theorem proposition4p6p5:
  fixes g1 g2 :: "('x::countable) mono \<Rightarrow> 'k::field_char_0"
  assumes "g1 \<in> Kinf" and "g2 \<in> Kinf"
  shows "shuffle g1 g2 \<in> Kinf
    \<and> proj (shuffle g1 g2) = dual_mult (proj g1) (proj g2)
    \<and> (g1 \<in> KX \<and> g2 \<in> KX \<longrightarrow> dual_mult g1 g2 = proj (shuffle g1 g2))"
proof (intro conjI impI)
  have "finite {m. g1 m \<noteq> 0}" "finite {m. g2 m \<noteq> 0}"
    using assms by (auto simp: Kinf_def)
  then show "shuffle g1 g2 \<in> Kinf" "proj (shuffle g1 g2) = dual_mult (proj g1) (proj g2)"
    by (rule shuffle_in_Kinf, rule proj_shuffle)
  show "dual_mult g1 g2 = proj (shuffle g1 g2)"
    by (auto simp: dual_mult_def proj_def shuffle_def is_bin_mono_imp_is_mono)
qed

end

Your objective: Copy every line of the entries in which "auto" can be found.

Output of the task:
    using assms by (auto simp: Kinf_def)
    by (auto simp: dual_mult_def proj_def shuffle_def is_bin_mono_imp_is_mono)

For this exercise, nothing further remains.